Long story short; Sega killed the Dreamcast.


----------



## BlueStar (Apr 19, 2010)

One thing about Dreamcast piracy was that it was so easy to play  back-ups and the exploits to do this were found pretty early in its life.  Yeah, DS piracy isn't exactly rocket science, but you have to buy a card, put firmware on, keep it updates etc - you basically have to make a concious decision to pirate and buy a device to enable it.  Plus when I first got my SuperCard SD it was too much of a ballache for most gamers to bother with and the DS built up a solid userbase before the R4 came along.Same with PS2 chips.  With the Dreamcast anyone who had one, even the parents/kids who make up the usually solid userbase of people too daunted by technology to pirate stuff didn't have to have their system long before they found themselves being offered games for a few quid on market stalls or from slightly more savvy friends, without any of the usual stuff about having to give their machine to someone to fit a dodgy bit of kit into it first.


----------



## Rosales (Apr 19, 2010)

Well it is as you said. With DC pirating, the only thing you had to buy was a fat stack of CD's. With DS? Gotta pick the right cart (Like I picked a DSTT). PS2? Right modchip, piracy method, or whatever. Same even applied to Sega's prior system, Saturn; you had to buy NOT ONLY A CERTAIN FUCKING MODEL but had to buy a modchip.
Still; the internet wasn't as "in" back then. Back then piracy wasn't as much of an issue. Had the DC been released EXACTLY how it was back then today? Piracy would of completely killed it.  As I keep saying.

Sega killed the Dreamcast.


----------



## thaddius (Apr 19, 2010)

Rosales said:
			
		

> Long story short; Sega killed the Dreamcast.


Agreed.

People already distrusted Sega for the blunder that was releasing the Saturn soon after the 32X. And the Saturn's surprise release date didn't help matters.

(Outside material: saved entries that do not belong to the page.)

(* Let $b\in\mathbb{N}$, $b\ge 1$, and $n=\frac{2^b}{2}+b$. Then a DBN with visible layer of width $n$ and $m=\frac{2^n}{2(n-b)}$ hidden layers, each of width $n$, is a universal approximator of distributions on $\{0,1\}^n$: for every probability distribution $p$ on $\{0,1\}^n$ and every $\varepsilon>0$ there exist parameters of the DBN whose visible marginal distribution $q$ satisfies $D(p\,\|\,q)<\varepsilon$.
   Context: A Deep Belief Network (DBN) with layers $h^0,h^1,\dots,h^m$, each $h^i\in\{0,1\}^n$ (here $h^0$ is the visible layer and $h^1,\dots,h^m$ are the hidden layers), has parameters: for the top two layers, $W\in\mathbb{R}^{n\times n}$, $B,C\in\mathbb{R}^n$; for each $i\in\{0,\dots,m-2\}$, a matrix $W^i\in\mathbb{R}^{n\times n}$ and offset vector $c^i\in\mathbb{R}^n$. Its joint distribution is $P(h^0,\dots,h^m)=P(h^{m-1},h^m)\prod_{i=0}^{m-2}P(h^i\mid h^{i+1})$, where $P(h^{m-1},h^m)=\frac{1}{Z}\exp\big((h^m)^TWh^{m-1}+B\cdot h^{m-1}+C\cdot h^m\big)$ (a Restricted Boltzmann Machine) and $P(h^i\mid h^{i+1})=\prod_{j=1}^n P(h^i_j\mid h^{i+1})$ with $P(h^i_j=1\mid h^{i+1})=\sigma\big(\sum_k W^i_{jk}h^{i+1}_k+c^i_j\big)$, $\sigma(x)=1/(1+e^{-x})$. The visible marginal distribution is $q(h^0)=\sum_{h^1,\dots,h^m}P(h^0,\dots,h^m)$. $D(p\|q)$ is the Kullback–Leibler divergence. *)

theory Defs
  imports "HOL-Analysis.Analysis"
begin

text \<open>Binary states: the cube {0,1}^n, represented by functions nat => bool
  that are False outside {0..<n}.\<close>
definition cube :: "nat \<Rightarrow> (nat \<Rightarrow> bool) set" where
  "cube n = {x. \<forall>i. n \<le> i \<longrightarrow> \<not> x i}"

definition sigmoid :: "real \<Rightarrow> real" where
  "sigmoid x = 1 / (1 + exp (- x))"

text \<open>Parameters of a DBN with layers h^0..h^m of width n:
  W, B, C for the top RBM on (h^(m-1), h^m); Ws i and cs i (i = 0..m-2) for the
  conditional P(h^i | h^(i+1)).\<close>

definition rbm_energy :: "nat \<Rightarrow> (nat \<Rightarrow> nat \<Rightarrow> real) \<Rightarrow> (nat \<Rightarrow> real) \<Rightarrow> (nat \<Rightarrow> real)
    \<Rightarrow> (nat \<Rightarrow> bool) \<Rightarrow> (nat \<Rightarrow> bool) \<Rightarrow> real" where
  "rbm_energy n W B C v h =
     (\<Sum>j<n. \<Sum>k<n. of_bool (h j) * W j k * of_bool (v k))
     + (\<Sum>k<n. B k * of_bool (v k)) + (\<Sum>j<n. C j * of_bool (h j))"

definition rbm_prob :: "nat \<Rightarrow> (nat \<Rightarrow> nat \<Rightarrow> real) \<Rightarrow> (nat \<Rightarrow> real) \<Rightarrow> (nat \<Rightarrow> real)
    \<Rightarrow> (nat \<Rightarrow> bool) \<Rightarrow> (nat \<Rightarrow> bool) \<Rightarrow> real" where
  "rbm_prob n W B C v h =
     exp (rbm_energy n W B C v h) /
     (\<Sum>(v', h') \<in> cube n \<times> cube n. exp (rbm_energy n W B C v' h'))"

definition cond_prob :: "nat \<Rightarrow> (nat \<Rightarrow> nat \<Rightarrow> real) \<Rightarrow> (nat \<Rightarrow> real)
    \<Rightarrow> (nat \<Rightarrow> bool) \<Rightarrow> (nat \<Rightarrow> bool) \<Rightarrow> real" where
  "cond_prob n Wi ci x y =
     (\<Prod>j<n. let s = sigmoid ((\<Sum>k<n. Wi j k * of_bool (y k)) + ci j)
             in if x j then s else 1 - s)"

definition dbn_joint :: "nat \<Rightarrow> nat \<Rightarrow> (nat \<Rightarrow> nat \<Rightarrow> real) \<Rightarrow> (nat \<Rightarrow> real) \<Rightarrow> (nat \<Rightarrow> real)
    \<Rightarrow> (nat \<Rightarrow> nat \<Rightarrow> nat \<Rightarrow> real) \<Rightarrow> (nat \<Rightarrow> nat \<Rightarrow> real)
    \<Rightarrow> (nat \<Rightarrow> (nat \<Rightarrow> bool)) \<Rightarrow> real" where
  "dbn_joint n m W B C Ws cs H =
     rbm_prob n W B C (H (m - 1)) (H m) *
     (\<Prod>i<m - 1. cond_prob n (Ws i) (cs i) (H i) (H (Suc i)))"

definition dbn_visible :: "nat \<Rightarrow> nat \<Rightarrow> (nat \<Rightarrow> nat \<Rightarrow> real) \<Rightarrow> (nat \<Rightarrow> real) \<Rightarrow> (nat \<Rightarrow> real)
    \<Rightarrow> (nat \<Rightarrow> nat \<Rightarrow> nat \<Rightarrow> real) \<Rightarrow> (nat \<Rightarrow> nat \<Rightarrow> real)
    \<Rightarrow> (nat \<Rightarrow> bool) \<Rightarrow> real" where
  "dbn_visible n m W B C Ws cs v =
     (\<Sum>H \<in> PiE {1..m} (\<lambda>_. cube n). dbn_joint n m W B C Ws cs (H(0 := v)))"

definition is_distribution :: "nat \<Rightarrow> ((nat \<Rightarrow> bool) \<Rightarrow> real) \<Rightarrow> bool" where
  "is_distribution n p \<longleftrightarrow> (\<forall>x \<in> cube n. 0 \<le> p x) \<and> (\<Sum>x \<in> cube n. p x) = 1"

definition KL_div :: "nat \<Rightarrow> ((nat \<Rightarrow> bool) \<Rightarrow> real) \<Rightarrow> ((nat \<Rightarrow> bool) \<Rightarrow> real) \<Rightarrow> ereal" where
  "KL_div n p q =
     (if \<exists>x \<in> cube n. 0 < p x \<and> q x = 0 then \<infinity>
      else ereal (\<Sum>x \<in> {x \<in> cube n. 0 < p x}. p x * ln (p x / q x)))"

end

theory Submission
  imports Defs "HOL-Real_Asymp.Real_Asymp"
begin

text \<open>With \<open>n = d + 1 + c\<close> and \<open>d = 2\<^sup>c\<close>, the cube \<open>{0,1}\<^sup>n\<close> splits into \<open>2d\<close> chains of
  length \<open>2\<^sup>d\<close>: the last \<open>c\<close> coordinates label one of \<open>d\<close> groups, coordinate \<open>d\<close> is a free bit, and
  the first \<open>d\<close> coordinates run through a Gray code rotated by the group index. Along a chain
  consecutive states differ in one coordinate, and at each step the \<open>d\<close> groups flip \<open>d\<close> different
  coordinates. So one layer of sigmoid units with weights of order \<open>K \<rightarrow> \<infinity>\<close> can advance all chains
  at once: the current state of each chain stays with probability (its target mass)/(mass of the rest
  of the chain) and otherwise moves on, while every other state is copied. The top RBM, in the same
  limit, puts the mass of each chain on its first state, and \<open>2\<^sup>d - 1\<close> such layers then reproduce an
  arbitrary positive distribution \<open>r\<close> in the limit. Choosing \<open>r\<close> close to \<open>p\<close> in KL divergence
  gives the theorem.\<close>

text \<open>Sums over bits are kept in the affine form \<open>\<Sum>k<n. a k * of_bool (x k)\<close>.\<close>
declare sum_mult_of_bool_eq [simp del] sum_of_bool_mult_eq [simp del]

section \<open>Kernels and saturating limits\<close>

lemma bij_betw_cube_Pow: "bij_betw (\<lambda>x. {i. x i}) (cube k) (Pow {..<k})"
proof -
  have "X \<in> (\<lambda>x. {i. x i}) ` cube k" if "X \<subseteq> {..<k}" for X
    using that unfolding cube_def by (auto intro!: image_eqI[of _ _ "\<lambda>i. i \<in> X"])
  then show ?thesis unfolding bij_betw_def inj_on_def cube_def
    by (auto simp: fun_eq_iff) (meson not_le)
qed

lemma finite_cube: "finite (cube k)"
  using bij_betw_cube_Pow bij_betw_finite by blast

lemma card_cube: "card (cube k) = 2 ^ k"
  using bij_betw_same_card[OF bij_betw_cube_Pow] card_Pow by fastforce

lemma cube_eq_iff:
  assumes "z \<in> cube n" "x \<in> cube n"
  shows "z = x \<longleftrightarrow> (\<forall>j<n. z j = x j)"
proof
  assume eq: "\<forall>j<n. z j = x j"
  show "z = x"
  proof
    fix j
    show "z j = x j" using eq assms by (cases "j < n") (auto simp: cube_def)
  qed
qed auto

lemma prod_of_bool: "finite A \<Longrightarrow> (\<Prod>j\<in>A. of_bool (Q j) :: real) = of_bool (\<forall>j\<in>A. Q j)"
  by (induction A rule: finite_induct) auto

text \<open>\<open>apply_kernels k C N f x = \<Sum>y\<^sub>1 \<dots> y\<^sub>N. k 0 x y\<^sub>1 * \<dots> * k (N-1) y\<^sub>N\<^sub>-\<^sub>1 y\<^sub>N * f y\<^sub>N\<close>\<close>
fun apply_kernels :: "(nat \<Rightarrow> 'a \<Rightarrow> 'a \<Rightarrow> real) \<Rightarrow> 'a set \<Rightarrow> nat \<Rightarrow> ('a \<Rightarrow> real) \<Rightarrow> 'a \<Rightarrow> real" where
  "apply_kernels k C 0 f = f"
| "apply_kernels k C (Suc N) f = apply_kernels k C N (\<lambda>x. \<Sum>y\<in>C. k N x y * f y)"

lemma sum_PiE_insert:
  assumes "a \<notin> S"
  shows "(\<Sum>H\<in>PiE (insert a S) (\<lambda>_. C). F H) = (\<Sum>g\<in>PiE S (\<lambda>_. C). \<Sum>y\<in>C. F (g(a := y)))"
proof -
  have "(\<Sum>H\<in>PiE (insert a S) (\<lambda>_. C). F H) = (\<Sum>(y, g)\<in>C \<times> PiE S (\<lambda>_. C). F (g(a := y)))"
    unfolding PiE_insert_eq
    by (subst sum.reindex[OF inj_combinator[OF assms]]) (simp add: case_prod_unfold)
  also have "\<dots> = (\<Sum>y\<in>C. \<Sum>g\<in>PiE S (\<lambda>_. C). F (g(a := y)))"
    by (simp add: sum.cartesian_product)
  also have "\<dots> = (\<Sum>g\<in>PiE S (\<lambda>_. C). \<Sum>y\<in>C. F (g(a := y)))"
    by (rule sum.swap)
  finally show ?thesis .
qed

lemma sum_paths_eq_apply_kernels:
  "(\<Sum>H\<in>PiE {1..N} (\<lambda>_. C). f ((H(0 := v)) N) * (\<Prod>i<N. k i ((H(0 := v)) i) ((H(0 := v)) (Suc i))))
     = apply_kernels k C N f v"
proof (induction N arbitrary: f)
  case 0
  then show ?case by simp
next
  case (Suc N)
  have upd: "(g(Suc N := y))(0 := v) = (g(0 := v))(Suc N := y)" for g y
    by (auto simp: fun_eq_iff)
  have prefix: "(\<Prod>i<N. k i (((g(0 := v))(Suc N := y)) i) (((g(0 := v))(Suc N := y)) (Suc i)))
      = (\<Prod>i<N. k i ((g(0 := v)) i) ((g(0 := v)) (Suc i)))" for g y
    by (rule prod.cong) auto
  have ins: "{1..Suc N} = insert (Suc N) {1..N}" by auto
  have "(\<Sum>H\<in>PiE {1..Suc N} (\<lambda>_. C). f ((H(0 := v)) (Suc N)) *
        (\<Prod>i<Suc N. k i ((H(0 := v)) i) ((H(0 := v)) (Suc i))))
      = (\<Sum>g\<in>PiE {1..N} (\<lambda>_. C). \<Sum>y\<in>C. f y *
          ((\<Prod>i<N. k i ((g(0 := v)) i) ((g(0 := v)) (Suc i))) * k N ((g(0 := v)) N) y))"
    unfolding ins by (subst sum_PiE_insert) (auto simp: upd prefix)
  also have "\<dots> = (\<Sum>g\<in>PiE {1..N} (\<lambda>_. C). (\<lambda>x. \<Sum>y\<in>C. k N x y * f y) ((g(0 := v)) N) *
          (\<Prod>i<N. k i ((g(0 := v)) i) ((g(0 := v)) (Suc i))))"
    by (auto simp: sum_distrib_right mult_ac intro!: sum.cong)
  also have "\<dots> = apply_kernels k C (Suc N) f v"
    using Suc.IH by simp
  finally show ?case .
qed

lemma apply_kernels_cong:
  "(\<And>y. y \<in> C \<Longrightarrow> f y = f' y) \<Longrightarrow> x \<in> C \<Longrightarrow> apply_kernels k C N f x = apply_kernels k C N f' x"
proof (induction N arbitrary: f f' x)
  case (Suc N)
  have "(\<lambda>x. \<Sum>y\<in>C. k N x y * f y) = (\<lambda>x. \<Sum>y\<in>C. k N x y * f' y)"
    using Suc.prems by (auto intro!: sum.cong)
  then show ?case by simp
qed simp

The fact that the DC could played burned games right out of the box in an age when everyone had a CD burner was not great. I think piracy was a major problem, but most people attribute it to the fact that the PS2 was coming out soon.


----------



## Cyan (Apr 19, 2010)

What I remember is that Internet wasn't that spread while Dreamcast was out. I never managed to pirate it correctly (I couldn't find the Games to be copied, and my utopia didn't work correctly (maybe a bad copy)).
With the DS, I converted everyone I know to use a flashcard (up to 54 years old collegue and her dad (~80)), internet is everywhere and the roms are easy to find.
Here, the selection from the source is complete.